As is, each VFS mount point gets its own filesystem instance, so device numbers are pointless. Opening multiple cards should(tm) actually work.
@Wuerfel_21 said:
As is, each VFS mount point gets its own filesystem instance, so device numbers are pointless. Opening multiple cards should(tm) actually work.
The pin number storage is just one set of globals at the top of sdmm.cc. I'm guessing those are outside of the VFS mechanism. Not that I know anything about VFS.
@Rayman said:
A board like this would be great for Eval type boards when using the new code in flash RISCVP2 system. Especially Micropython...

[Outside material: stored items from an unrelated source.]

definition row_apply :: "'a::ring_1 \<times> 'a \<Rightarrow> 'a \<times> 'a \<Rightarrow> 'a" where
  "row_apply f x = fst f * fst x + snd f * snd x"

definition row_scale :: "'a::ring_1 \<Rightarrow> 'a \<times> 'a \<Rightarrow> 'a \<times> 'a" where
  "row_scale \<kappa> f = (\<kappa> * fst f, \<kappa> * snd f)"

lemma vscale_vscale: "vscale (vscale v \<mu>) \<nu> = vscale v (\<mu> * \<nu>)"
  by (simp add: vscale_def mult.assoc)

lemma vscale_one [simp]: "vscale v 1 = v"
  by (simp add: vscale_def)

lemma vscale_zero_right [simp]: "vscale v 0 = 0"
  by (simp add: vscale_def zero_prod_def)

lemma vscale_add_left: "vscale (v + w) \<mu> = vscale v \<mu> + vscale w \<mu>"
  by (simp add: vscale_def distrib_right)

lemma vscale_add_right: "vscale v (\<mu> + \<nu>) = vscale v \<mu> + vscale v \<nu>"
  by (simp add: vscale_def distrib_left)

lemma vscale_minus_right: "vscale v (- \<mu>) = - vscale v \<mu>"
  by (simp add: vscale_def)

lemma vscale_eq_0_iff [simp]:
  fixes v :: "'a::division_ring \<times> 'a"
  shows "vscale v \<mu> = 0 \<longleftrightarrow> v = 0 \<or> \<mu> = 0"
  by (cases v) (auto simp: vscale_def zero_prod_def)

lemma row_apply_add: "row_apply f (x + y) = row_apply f x + row_apply f y"
  by (simp add: row_apply_def algebra_simps)

lemma row_apply_vscale: "row_apply f (vscale x \<mu>) = row_apply f x * \<mu>"
  by (simp add: row_apply_def vscale_def algebra_simps)

lemma row_apply_row_scale: "row_apply (row_scale \<kappa> f) x = \<kappa> * row_apply f x"
  by (simp add: row_apply_def row_scale_def algebra_simps)

lemma vscale_linear_independent:
  fixes y z :: "'a::division_ring \<times> 'a"
  assumes y: "y \<noteq> 0" and z: "\<nexists>\<mu>. z = vscale y \<mu>"
    and eq: "vscale y \<alpha> + vscale z \<beta> = 0"
  shows "\<alpha> = 0" "\<beta> = 0"
proof -
  show \<beta>: "\<beta> = 0"
  proof (rule ccontr)
    assume "\<beta> \<noteq> 0"
    have "z = vscale (vscale z \<beta>) (inverse \<beta>)"
      using \<open>\<beta> \<noteq> 0\<close> by (simp add: vscale_vscale)
    also have "vscale z \<beta> = vscale y (- \<alpha>)"
      using eq by (simp add: vscale_minus_right eq_neg_iff_add_eq_0 add.commute)
    finally have "z = vscale y (- \<alpha> * inverse \<beta>)"
      by (simp add: vscale_vscale)
    with z show False by blast
  qed
  show "\<alpha> = 0"
    using eq y by (simp add: \<beta>)
qed
(* Let $p(g\mid\mathbf w)=\sum_{k\in\mathcal A}\theta_kP_{(k)}(w_{-k},g)$ be an imitation kernel on a finite set $G$ with $\gcd(\mathcal A)=1$, and assume the $G$-stochastic function $P_{(\cdot)}$ is irreducible and aperiodic. Let $\hat\lambda$ be the unique invariant distribution of $\hat P=\sum_{k\in\mathcal A}\theta_kP_{(k)}$. Then for every $n\in\mathbb Z$ and every configuration $\mathbf w\in G^{\mathbb Z}$, the law of $X_n^{r,\mathbf w}$ converges to $\hat\lambda$ as $r\to-\infty$.
   Context: $\mathcal A\subset\mathbb N_+$, $\theta$ a probability on $\mathcal A$ with $\theta_k>0$, $P_{(k)}$ stochastic matrices on $G$. Words $\mathcal A^*=\bigcup_{n\ge1}\mathcal A^n$, $P_{\mathbf a}=P_{(a_n)}\cdots P_{(a_1)}$ and depth $s(\mathbf a)=\sum a_i$ for $\mathbf a=(a_1,\dots,a_n)$. $P_{(\cdot)}$ is irreducible if for all $i,j$ some word has $P_{\mathbf a}(i,j)>0$; aperiodic if moreover $\gcd\{s(\mathbf a):P_{\mathbf a}(i,i)>0\}=1$ for every $i$. For $\mathbf w\in G^{\mathbb Z}$ and $r\in\mathbb Z$, $\mathbf X^{r,\mathbf w}$ is the process with $X^{r,\mathbf w}_n=w_n$ for $n\le r$ and $P(X_n^{r,\mathbf w}=g\mid X_{n-1}^{r,\mathbf w},X_{n-2}^{r,\mathbf w},\dots)=p(g\mid X_{n-1}^{r,\mathbf w},X_{n-2}^{r,\mathbf w},\dots)$ a.s. for $n>r$. *)

theory Defs
  imports "HOL-Probability.Probability"
begin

Question is how hard would it be to adapt this to micropython once it's working....
Also, how to acquire one?
@Rayman , until SD mode is working Parallax do also sell a SD card breakout (SPI mode only). If you are really keen to play around with SD mode with Micropython by eventually porting Evan's code you might be able to beg @Tubular for our last board of the 3 originally made (I have one and so does evanh). I still have the board design here so can always make more down the track for our local use in Melbourne although right now I don't intend to distribute more widely. Otherwise the design is presented in the first page and is easily replicated by PCB designers such as yourself. My layout and part selection is known to work at very high speeds on my P2 Eval, though admittedly that's probably more of a fluke. The card reader required was specific to my board layout and so might be harder to come by, but is still available here at Altronics by us locally if needed. I believe it was one of these OUPIIN branded ones. It's a decent part as it includes the HW card detection switch that works nicely with my circuit and a push in push out mechanical action. https://www.altronics.com.au/p/p5717-oupiin-surface-mount-micro-sd-slot-type-memory-card-socket/
Other than the UM6J1N dual PFET I just used some jellybean passives and resnets. This dual PFET was something I just had handy in a parts bin, probably a little underspec'd Rds resistance wise but it seems to work and can still sustain at least 400mA to the card. You could choose something else and some comments were made elsewhere in this thread regarding just that and suggesting a NTJD4152P.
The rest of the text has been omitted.